Change your jQuery to the following:

$.ajax({
    url: "database.php",
    type: "post",
    dataType: "json",
    data: ({
        code: code_entered,
    }),
    context: this,
    success : function(response) {
        console.log(response);
        //OPTIONAL_FUNCTION_TO_DO_SOMETHING_WITH_THE_RESPONSE(response);
    },
    error: function(jqXHR,textStatus,errorThrown){
        console.log(jqXHR);
        //OPTIONAL_FUNCTION_TO_DO_SOMETHING_WITH_THE_ERROR(jqXHR);
    }
});

Then change your PHP to the following:

 if(isset($_POST['code'])){
    does_code_match($_POST['code']);
    //no need to call echo again
 }

 function does_code_match($code){
     connect();
    $sql = 'select * from emailstobeverified where email=';
    $sql .= "'" . $_SESSION['email'] . "'";
    $sql .= ' and verification_code=';
    $sql .= $code;
    $sql .= ';';
    error_log('Adding code to be verified with query: ' . $sql);
    $count = query($sql)->num_rows;
    disconnect();
    //I can't speak for the above code, I'm assuming it works.

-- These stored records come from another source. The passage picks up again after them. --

lemma mirror_antidiag_iff:
  "mirror_axis (G1 P) (antidiag_line c) \<longleftrightarrow> (\<exists>X. even X \<and> c = 1 + of_int (p * X) / 2)"
proof
  assume "mirror_axis (G1 P) (antidiag_line c)"
  then obtain f where f: "f \<in> G1 P" "mirror_axis_of f (antidiag_line c)" unfolding mirror_axis_def by blast
  obtain a where adm: "admissible a a" and c: "c = 1 + of_int a"
    using mirror_axis_cases[OF f] by (auto simp: antidiag_line_eq_iff diag_ne_antidiag[symmetric])
  obtain A B where "a + a = p * A" "a - a = q * B" "even (A + B)"
    using admissible_coords[OF adm] by blast
  then have "even A" "2 * a = p * A" using q_pos by auto
  moreover from \<open>2 * a = p * A\<close> have "real_of_int (2 * a) = of_int (p * A)" by simp
  ultimately show "\<exists>X. even X \<and> c = 1 + of_int (p * X) / 2" using c by auto
next
  assume "\<exists>X. even X \<and> c = 1 + of_int (p * X) / 2"
  then obtain X where "even X" and cX: "c = 1 + of_int (p * X) / 2" by blast
  then obtain k where "X = 2 * k" by (auto elim!: evenE)
  with cX have c: "c = 1 + of_int (p * k)" by simp
  have "admissible (p * k) (p * k)" by (rule admissible_of_coords[of _ _ "2 * k" 0]) simp_all
  then show "mirror_axis (G1 P) (antidiag_line c)" unfolding c by (rule mirror_antidiag_of_admissible)
qed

    error_log("CODE MATCHES? "  . $count);
    error_log(json_encode($count));
    //Not sure why you're doing this, but I assume it's for testing only

    echo json_encode($count);
    exit;
    //Once you've outputted, make sure nothing else happens
 }

What kind of stuff do you see in your console.log(response); output? Once you start developing your environment, you will probably start to send back an array of responses instead of just a value.

Answer 2

just echo $count

$count = query($sql)->num_rows;
disconnect();
echo $count;

If you encode the count, on the receiving end, you will have to decode the json first.

Answer 3

When referencing array keys, you must enclose them in quotes, change your function to the following:

function connect(){
    $GLOBALS['conn'] = new mysqli($GLOBALS['dbhost'], $GLOBALS['dbuser'], $GLOBALS['dbpass'],$GLOBALS['db']) or die("Connect failed: %s\n". $GLOBALS['conn'] -> error);
 }

Also, in general, this is a strange way of storing global variables, you should look into using the $_ENV array instead.